> [EXERCISE DESCRIPTION]: Write out every entry again exactly as it stands.

> [GIVEN RECORDS]:
lemma mult_Pi2: "cls v \<otimes>\<^bsub>Pi2\<^esub> cls w = cls (v @ w)"
proof -
  have some_cls: "cls (SOME x. x \<in> cls u) = cls u" for u
  proof -
    have "u \<in> cls u"
      by (simp add: cls_def pi2_cong_def)
    then have "(SOME x. x \<in> cls u) \<in> cls u"
      by (rule someI)
    then have "(u, SOME x. x \<in> cls u) \<in> pi2_cong"
      by (simp add: cls_def)
    then show ?thesis
      using cls_eq_iff by metis
  qed
  show ?thesis
    using cls_append_cong[OF some_cls some_cls] by (simp add: Pi2_def)
qed

lemma monoid_Pi2: "monoid Pi2"
proof (rule monoidI)
  fix x y z
  assume "x \<in> carrier Pi2" "y \<in> carrier Pi2" "z \<in> carrier Pi2"
  then obtain u v w where "x = cls u" "y = cls v" "z = cls w"
    by (auto simp: carrier_Pi2)
  then show "x \<otimes>\<^bsub>Pi2\<^esub> y \<in> carrier Pi2"
    "x \<otimes>\<^bsub>Pi2\<^esub> y \<otimes>\<^bsub>Pi2\<^esub> z = x \<otimes>\<^bsub>Pi2\<^esub> (y \<otimes>\<^bsub>Pi2\<^esub> z)"
    "\<one>\<^bsub>Pi2\<^esub> \<otimes>\<^bsub>Pi2\<^esub> x = x" "x \<otimes>\<^bsub>Pi2\<^esub> \<one>\<^bsub>Pi2\<^esub> = x"
    by (simp_all add: mult_Pi2 one_Pi2 carrier_Pi2)
qed (simp add: one_Pi2 carrier_Pi2)
(* For every integer $n$, \[ \sum_{j\geq 0} p(n-4\pi_j) \equiv \begin{cases} 1 \pmod 2 & \text{if } n \text{ is a triangular number},\\ 0 \pmod 2 & \text{otherwise,}\end{cases} \] where $\pi_j = \frac38 j^2 + \frac{3-(-1)^j}{8}j + \frac{1-(-1)^j}{16}$ is the $j$th generalized pentagonal number ($\pi_0,\pi_1,\pi_2,\dots = 0,1,2,5,7,12,15,\dots$).
   Context: $p(m)$ denotes the number of partitions of $m$, with $p(0)=1$ and $p(m)=0$ for $m<0$. Triangular numbers are $k(k+1)/2$ for integers $k\geq 0$. *)

theory Defs
  imports Main "HOL-Library.Multiset" "HOL-Number_Theory.Cong"
begin

definition partition_count :: "int \<Rightarrow> nat" where
  "partition_count m = (if m < 0 then 0 else
     card {M :: nat multiset. (\<forall>x \<in># M. 0 < x) \<and> int (sum_mset M) = m})"

(* j-th generalized pentagonal number:
   pi_j = 3/8 j^2 + (3 - (-1)^j)/8 j + (1 - (-1)^j)/16, written as (16 pi_j) div 16 *)
definition gen_pent :: "nat \<Rightarrow> int" where
  "gen_pent j = (6 * int j ^ 2 + 2 * (3 - (-1) ^ j) * int j + (1 - (-1) ^ j)) div 16"

definition triangular :: "int \<Rightarrow> bool" where
  "triangular n \<longleftrightarrow> (\<exists>k::nat. n = int k * (int k + 1) div 2)"

end

(*
  Over GF(2) all signs disappear: the partition generating function P(q) = 1 / prod_k (1 - q^k)
  becomes 1 / prod_k (1 + q^k), and Euler's identity prod_k (1 + q^k) * prod_k (1 + q^(2k-1)) = 1
  holds because squaring doubles all exponents in characteristic 2. Jacobi's triple product identity
  with base q^12, respectively q^4, gives modulo 2
    sum_j q^(4 pi_j) = prod_k (1 + q^(4k)),
    sum_k q^(k(k+1)/2) = prod_k (1 + q^(4k)) * prod_k (1 + q^(2k-1)).
  Hence P(q) * sum_j q^(4 pi_j) = sum_k q^(k(k+1)/2) modulo 2, and the theorem compares the
  coefficients of q^n. Infinite products are avoided by computing modulo q^D throughout, with a
  finite form of the triple product obtained from Cauchy's q-binomial theorem.
*)

theory Submission
  imports Defs "HOL-Library.Z2" "HOL-Library.Nat_Bijection" "HOL-Computational_Algebra.Formal_Power_Series"
begin

section \<open>Gaussian binomial coefficients\<close>

fun qbinomial :: "'a::comm_ring_1 \<Rightarrow> nat \<Rightarrow> nat \<Rightarrow> 'a" where
  "qbinomial q 0 k = (if k = 0 then 1 else 0)"
| "qbinomial q (Suc n) 0 = 1"
| "qbinomial q (Suc n) (Suc k) = qbinomial q n (Suc k) + q ^ (n - k) * qbinomial q n k"

lemma qbinomial_eq_0: "n < k \<Longrightarrow> qbinomial q n k = 0"
  by (induction q n k rule: qbinomial.induct) auto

> [WRITTEN RESPONSE]:
lemma mult_Pi2: "cls v \<otimes>\<^bsub>Pi2\<^esub> cls w = cls (v @ w)"
proof -
  have some_cls: "cls (SOME x. x \<in> cls u) = cls u" for u
  proof -
    have "u \<in> cls u"
      by (simp add: cls_def pi2_cong_def)
    then have "(SOME x. x \<in> cls u) \<in> cls u"
      by (rule someI)
    then have "(u, SOME x. x \<in> cls u) \<in> pi2_cong"
      by (simp add: cls_def)
    then show ?thesis
      using cls_eq_iff by metis
  qed
  show ?thesis
    using cls_append_cong[OF some_cls some_cls] by (simp add: Pi2_def)
qed

lemma monoid_Pi2: "monoid Pi2"
proof (rule monoidI)
  fix x y z
  assume "x \<in> carrier Pi2" "y \<in> carrier Pi2" "z \<in> carrier Pi2"
  then obtain u v w where "x = cls u" "y = cls v" "z = cls w"
    by (auto simp: carrier_Pi2)
  then show "x \<otimes>\<^bsub>Pi2\<^esub> y \<in> carrier Pi2"
    "x \<otimes>\<^bsub>Pi2\<^esub> y \<otimes>\<^bsub>Pi2\<^esub> z = x \<otimes>\<^bsub>Pi2\<^esub> (y \<otimes>\<^bsub>Pi2\<^esub> z)"
    "\<one>\<^bsub>Pi2\<^esub> \<otimes>\<^bsub>Pi2\<^esub> x = x" "x \<otimes>\<^bsub>Pi2\<^esub> \<one>\<^bsub>Pi2\<^esub> = x"
    by (simp_all add: mult_Pi2 one_Pi2 carrier_Pi2)
qed (simp add: one_Pi2 carrier_Pi2)
(* For every integer $n$, \[ \sum_{j\geq 0} p(n-4\pi_j) \equiv \begin{cases} 1 \pmod 2 & \text{if } n \text{ is a triangular number},\\ 0 \pmod 2 & \text{otherwise,}\end{cases} \] where $\pi_j = \frac38 j^2 + \frac{3-(-1)^j}{8}j + \frac{1-(-1)^j}{16}$ is the $j$th generalized pentagonal number ($\pi_0,\pi_1,\pi_2,\dots = 0,1,2,5,7,12,15,\dots$).
   Context: $p(m)$ denotes the number of partitions of $m$, with $p(0)=1$ and $p(m)=0$ for $m<0$. Triangular numbers are $k(k+1)/2$ for integers $k\geq 0$. *)

theory Defs
  imports Main "HOL-Library.Multiset" "HOL-Number_Theory.Cong"
begin

definition partition_count :: "int \<Rightarrow> nat" where
  "partition_count m = (if m < 0 then 0 else
     card {M :: nat multiset. (\<forall>x \<in># M. 0 < x) \<and> int (sum_mset M) = m})"

(* j-th generalized pentagonal number:
   pi_j = 3/8 j^2 + (3 - (-1)^j)/8 j + (1 - (-1)^j)/16, written as (16 pi_j) div 16 *)
definition gen_pent :: "nat \<Rightarrow> int" where
  "gen_pent j = (6 * int j ^ 2 + 2 * (3 - (-1) ^ j) * int j + (1 - (-1) ^ j)) div 16"

definition triangular :: "int \<Rightarrow> bool" where
  "triangular n \<longleftrightarrow> (\<exists>k::nat. n = int k * (int k + 1) div 2)"

end

(*
  Over GF(2) all signs disappear: the partition generating function P(q) = 1 / prod_k (1 - q^k)
  becomes 1 / prod_k (1 + q^k), and Euler's identity prod_k (1 + q^k) * prod_k (1 + q^(2k-1)) = 1
  holds because squaring doubles all exponents in characteristic 2. Jacobi's triple product identity
  with base q^12, respectively q^4, gives modulo 2
    sum_j q^(4 pi_j) = prod_k (1 + q^(4k)),
    sum_k q^(k(k+1)/2) = prod_k (1 + q^(4k)) * prod_k (1 + q^(2k-1)).
  Hence P(q) * sum_j q^(4 pi_j) = sum_k q^(k(k+1)/2) modulo 2, and the theorem compares the
  coefficients of q^n. Infinite products are avoided by computing modulo q^D throughout, with a
  finite form of the triple product obtained from Cauchy's q-binomial theorem.
*)

theory Submission
  imports Defs "HOL-Library.Z2" "HOL-Library.Nat_Bijection" "HOL-Computational_Algebra.Formal_Power_Series"
begin

section \<open>Gaussian binomial coefficients\<close>

fun qbinomial :: "'a::comm_ring_1 \<Rightarrow> nat \<Rightarrow> nat \<Rightarrow> 'a" where
  "qbinomial q 0 k = (if k = 0 then 1 else 0)"
| "qbinomial q (Suc n) 0 = 1"
| "qbinomial q (Suc n) (Suc k) = qbinomial q n (Suc k) + q ^ (n - k) * qbinomial q n k"

lemma qbinomial_eq_0: "n < k \<Longrightarrow> qbinomial q n k = 0"
  by (induction q n k rule: qbinomial.induct) auto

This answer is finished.